Penn Hillel

Penn Hillel is one the best parts of being at Penn. Each year, Hillel reaches 80% of the 1,750 Jewish undergraduate students on campus, with a dizzying array of different Jewish opportunities ranging from social justice to Israel, and from Jewish culture offerings to Jewish religious expression. No matter what your interest or Jewish background, Penn Hillel is there to get know each and every Jewish student by name and by story so that we can help connect them to the next set of experiences, communities and relationships that will provoke them to grow into Jewish adulthood.
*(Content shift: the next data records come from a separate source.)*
lemma finite_coupling_support:
  assumes cp: "is_coupling S C" and "finite S" and "\<forall>p\<in>S. ppd p"
  shows "finite {t. C t \<noteq> 0}"
proof -
  define extend where "extend t = (\<lambda>q. if q \<in> S then t q else (0::nat))"
    for t :: "(nat \<Rightarrow> real) \<Rightarrow> nat"
  have "{t. C t \<noteq> 0} \<subseteq> extend ` (PiE S (\<lambda>q. {i. q i \<noteq> 0}))"
  proof
    fix t assume "t \<in> {t. C t \<noteq> 0}"
    then have "0 < C t" "t \<in> tuples S" using cp by (auto simp: is_coupling_def order_le_less)
    then have "q (t q) \<noteq> 0" if "q \<in> S" for q
      using coupling_le_marginal[OF cp that, of t] by linarith
    then have "restrict t S \<in> PiE S (\<lambda>q. {i. q i \<noteq> 0})"
      by (simp add: restrict_PiE_iff)
    moreover have "t = extend (restrict t S)"
      using \<open>t \<in> tuples S\<close> by (auto simp: extend_def tuples_def)
    ultimately show "t \<in> extend ` (PiE S (\<lambda>q. {i. q i \<noteq> 0}))" by blast
  qed
  moreover have "finite (PiE S (\<lambda>q. {i. q i \<noteq> 0}))"
    using assms by (intro finite_PiE) (auto simp: ppd_def)
  ultimately show ?thesis by (meson finite_imageI finite_subset)
qed

lemma sum_marginal_eq_sum_coupling:
  assumes cp: "is_coupling S C" and fin: "finite {t. C t \<noteq> 0}" and "p \<in> S" and "finite A"
  shows "(\<Sum>i\<in>A. p i) = (\<Sum>t | C t \<noteq> 0 \<and> t p \<in> A. C t)"
proof -
  have "p i = (\<Sum>t | C t \<noteq> 0 \<and> t p = i. C t)" for i
  proof -
    have "(C has_sum p i) {t \<in> tuples S. t p = i}" using cp assms(3) by (simp add: is_coupling_def)
    then have "p i = infsum C {t \<in> tuples S. t p = i}" by (simp add: infsumI)
    also have "\<dots> = (\<Sum>t | C t \<noteq> 0 \<and> t p = i. C t)"
      by (rule infsum_eq_sum_superset) (use fin cp in \<open>auto simp: is_coupling_def\<close>)
    finally show ?thesis .
  qed
  moreover have "{t \<in> {t. C t \<noteq> 0 \<and> t p \<in> A}. t p = i} = {t. C t \<noteq> 0 \<and> t p = i}" if "i \<in> A" for i
    using that by auto
  ultimately have "(\<Sum>i\<in>A. p i) = (\<Sum>i\<in>A. \<Sum>t \<in> {t \<in> {t. C t \<noteq> 0 \<and> t p \<in> A}. t p = i}. C t)"
    by simp
  also have "\<dots> = (\<Sum>t | C t \<noteq> 0 \<and> t p \<in> A. C t)"
    by (rule sum.group) (use fin assms(4) in auto)
  finally show ?thesis .
qed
Hillel is proud to offer a two-pronged approach to engaging Jewish students on campus. Inside Steinhardt Hall, under the banner of Hillel, there are over 40 different student communities and initiatives that create over 300 events per month. This includes a weekly soup kitchen; a wide variety of opportunities to engage with and learn about Israel; world famous speakers and public intellectuals; and alternative break trips to Rwanda, Israel and beyond. All of this is in addition to the nearly 300 students who experience Shabbat each week, when we offer six different services on Friday nights and four options on Saturday mornings.
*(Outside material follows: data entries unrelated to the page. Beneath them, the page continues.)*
theorem proposition4p2:
  fixes M :: "real measure" and \<alpha> :: real
  assumes "prob_space M" and "sets M = sets borel"
    and "measure M {..<0} = 0"
    and "measure M {0} < 1"
    and "0 < \<alpha>" and "\<alpha> < 1"
  shows "(ennreal (1/2) * (moment M \<alpha> - (\<integral>\<^sup>+ u. ennreal (indicator {0<..<1} u * u powr \<alpha>) \<partial>M))
           \<le> ennreal (1 - \<alpha>) * (\<integral>\<^sup>+ x. ennreal (indicator {0<..1} x * (- Re (Kfun M (- complex_of_real x)) / x powr (1 + \<alpha>))) \<partial>lborel)) \<and>
         (ennreal (1 - \<alpha>) * (\<integral>\<^sup>+ x. ennreal (indicator {0<..1} x * (- Re (Kfun M (- complex_of_real x)) / x powr (1 + \<alpha>))) \<partial>lborel)
           \<le> ennreal (cmu M / \<alpha>) * moment M \<alpha>) \<and>
         (moment M \<alpha> < \<infinity> \<longleftrightarrow>
           (\<integral>\<^sup>+ x. ennreal (indicator {0<..1} x * (- Re (Kfun M (- complex_of_real x)) / x powr (1 + \<alpha>))) \<partial>lborel) < \<infinity>)"
proof -
  interpret nonneg_real_prob_space M
    using assms(1-3) by (simp add: nonneg_real_prob_space_def nonneg_real_prob_space_axioms_def)
  have a: "0 < \<alpha>" "\<alpha> < 1" by fact+
  note lower = half_tail_moment_le_Kfun_integral[OF a]
  note upper = Kfun_integral_le_moment[OF a]
  have "moment M \<alpha> < \<infinity> \<longleftrightarrow> Kfun_integral \<alpha> < \<infinity>"
  proof
    assume "moment M \<alpha> < \<infinity>"
    then have "ennreal (cmu M / \<alpha>) * moment M \<alpha> < \<infinity>"
      by (simp add: ennreal_mult_less_top)
    with upper have "ennreal (1 - \<alpha>) * Kfun_integral \<alpha> < \<infinity>"
      by (rule le_less_trans)
    then show "Kfun_integral \<alpha> < \<infinity>"
      using a by (auto simp: ennreal_mult_less_top)
  next
    assume "Kfun_integral \<alpha> < \<infinity>"
    then have "ennreal (1 - \<alpha>) * Kfun_integral \<alpha> < \<infinity>"
      by (simp add: ennreal_mult_less_top)
    with lower have "ennreal (1 / 2) * (moment M \<alpha> - (\<integral>\<^sup>+u. ennreal (indicator {0<..<1} u * u powr \<alpha>) \<partial>M)) < \<infinity>"
      by (rule le_less_trans)
    then show "moment M \<alpha> < \<infinity>"
      using moment_split[of \<alpha>] low_moment_finite[of \<alpha>] a by (auto simp: ennreal_mult_less_top)
  qed
  with lower upper show ?thesis by blast
qed

end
Penn Hillel also runs a separate organization called the Jewish Renaissance Project (JRP) that brings Jewish life to students who are not already involved in Jewish life. JRP’s cutting-edge methodology brings Shabbat dinner, Jewish dialogue and deep educational events to students in the dorms, the fraternity and sorority houses on and off campus in West Philly. By bringing Jewish life to students where they live, work and play, JRP ensures that every Jewish student, regardless of background, can have a safe and meaningful space to explore and grow Jewishly.
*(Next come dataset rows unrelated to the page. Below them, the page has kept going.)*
(* Assume $\frac32<\gamma<2$ and $\Delta t=\Delta x=h$. There exists a constant $C>0$, depending only on $L,T,\mu,a,\gamma,\varrho_0,u_0$ and not on $h$ or the choice of numerical solution, such that for every numerical solution and every $m=1,\dots,M$, $$|E_1^m|\le C\,h^{\frac{2\gamma-3}{2\gamma}},$$ where $$E_1^m:=-\Delta t\,\Delta x\sum_{k=1}^m\sum_{i=0}^{N-2}\operatorname{Up}(\varrho^ku^k)_{i+1/2}\Big(\frac{\varrho_i^k\widehat u_i^k+\varrho_{i+1}^k\widehat u_{i+1}^k}{2}-\frac{\varrho_i^{k-1}\widehat u_i^{k-1}+\varrho_{i+1}^{k-1}\widehat u_{i+1}^{k-1}}{2}\Big).$$
   Context: Fix $L>0$, $\mu>0$, $a>0$, $p(\varrho)=a\varrho^\gamma$, $T>0$, integers $N,M\ge1$, $\Delta x=L/N<1$, $\Delta t=T/M<1$. Nodes $x_{i-1/2}=i\Delta x$ ($i=0,\dots,N$). Unknowns $\varrho_i^k$ ($i=0,\dots,N-1$), $u^k_{i-1/2}$ ($i=0,\dots,N$), $k=0,\dots,M$, with $u^k_{-1/2}=u^k_{N-1/2}=0$ for $k\ge1$. Notation: $z^+=\max\{z,0\}$, $z^-=\min\{z,0\}$; $\widehat u_i=\frac{u_{i-1/2}+u_{i+1/2}}2$; for $i=0,\dots,N-2$, $\operatorname{Up}(\varrho u)_{i+1/2}=\varrho_iu^+_{i+1/2}+\varrho_{i+1}u^-_{i+1/2}$, $\operatorname{Up}(\varrho\widehat uu)_{i+1/2}=\varrho_i\widehat u_iu^+_{i+1/2}+\varrho_{i+1}\widehat u_{i+1}u^-_{i+1/2}$, both fluxes vanishing at nodes $-1/2$, $N-1/2$; $\partial_{i+1/2}f=(f_{i+1}-f_i)/\Delta x$, $\partial_iv=(v_{i+1/2}-v_{i-1/2})/\Delta x$, $\Delta_{i+1/2}u=(u_{i-1/2}-2u_{i+1/2}+u_{i+3/2})/\Delta x^2$, $\partial_t^kf=(f^k-f^{k-1})/\Delta t$. Initial data $\varrho_0\in L^\gamma(0,L)$, $\varrho_0>0$, $u_0$ bounded on $[0,L]$; $\varrho_i^0=\frac1{\Delta x}\int_{x_{i-1/2}}^{x_{i+1/2}}\varrho_0$, $u^0_{i-1/2}=u_0(x_{i-1/2})$. Scheme for $k=1,\dots,M$: $\partial_t^k\varrho_i+\partial_i\operatorname{Up}(\varrho^ku^k)=0$ ($i=0,\dots,N-1$); $\partial_t^k\big(\frac{\varrho_i\widehat u_i+\varrho_{i+1}\widehat u_{i+1}}2\big)+\frac{\operatorname{Up}(\varrho^k\widehat u^ku^k)_{i+3/2}-\operatorname{Up}(\varrho^k\widehat u^ku^k)_{i-1/2}}{2\Delta x}=\mu\Delta_{i+1/2}u^k-\partial_{i+1/2}p(\varrho^k)$ ($i=0,\dots,N-2$). A numerical solution is any solution of this system (its densities are positive). *)

theory Defs
  imports "HOL-Analysis.Analysis"
begin

text \<open>Discretization conventions.
  Densities: rho k i = rho_i^k (cells i = 0..N-1).
  Velocities: u k j = u^k_{j-1/2} (nodes j = 0..N), i.e. node x_{j-1/2} = j * dx.\<close>

definition ppart :: "real \<Rightarrow> real" where "ppart z = max z 0"
definition npart :: "real \<Rightarrow> real" where "npart z = min z 0"

definition pressure :: "real \<Rightarrow> real \<Rightarrow> real \<Rightarrow> real" where
  "pressure a gam r = a * r powr gam"

definition uhat :: "(nat \<Rightarrow> nat \<Rightarrow> real) \<Rightarrow> nat \<Rightarrow> nat \<Rightarrow> real" where
  "uhat u k i = (u k i + u k (Suc i)) / 2"

text \<open>Upwind mass flux at node j (position x_{j-1/2}); for j = i+1 it is Up(rho u)_{i+1/2};
  it vanishes at the boundary nodes j = 0 and j = N.\<close>
definition UpM :: "nat \<Rightarrow> (nat \<Rightarrow> nat \<Rightarrow> real) \<Rightarrow> (nat \<Rightarrow> nat \<Rightarrow> real) \<Rightarrow> nat \<Rightarrow> nat \<Rightarrow> real" where
  "UpM N rho u k j =
     (if 1 \<le> j \<and> j \<le> N - 1
      then rho k (j - 1) * ppart (u k j) + rho k j * npart (u k j) else 0)"

definition UpQ :: "nat \<Rightarrow> (nat \<Rightarrow> nat \<Rightarrow> real) \<Rightarrow> (nat \<Rightarrow> nat \<Rightarrow> real) \<Rightarrow> nat \<Rightarrow> nat \<Rightarrow> real" where
  "UpQ N rho u k j =
     (if 1 \<le> j \<and> j \<le> N - 1
      then rho k (j - 1) * uhat u k (j - 1) * ppart (u k j) + rho k j * uhat u k j * npart (u k j)
      else 0)"

definition qmom :: "(nat \<Rightarrow> nat \<Rightarrow> real) \<Rightarrow> (nat \<Rightarrow> nat \<Rightarrow> real) \<Rightarrow> nat \<Rightarrow> nat \<Rightarrow> real" where
  "qmom rho u k i = (rho k i * uhat u k i + rho k (Suc i) * uhat u k (Suc i)) / 2"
Steinhardt Hall, our home base, is a state of the art facility that includes Falk at Penn Hillel, a kosher Penn dining hall, that provides the best food on campus with the warmest and most welcoming community.

Penn Hillel’s mission is to create the relationships, experiences and communities that provoke students to engage in a process of “Jewish Self Authorship.” Self Authorship is a term used to describe the process by which students come to understand themselves on their own terms and through which they enter into adulthood.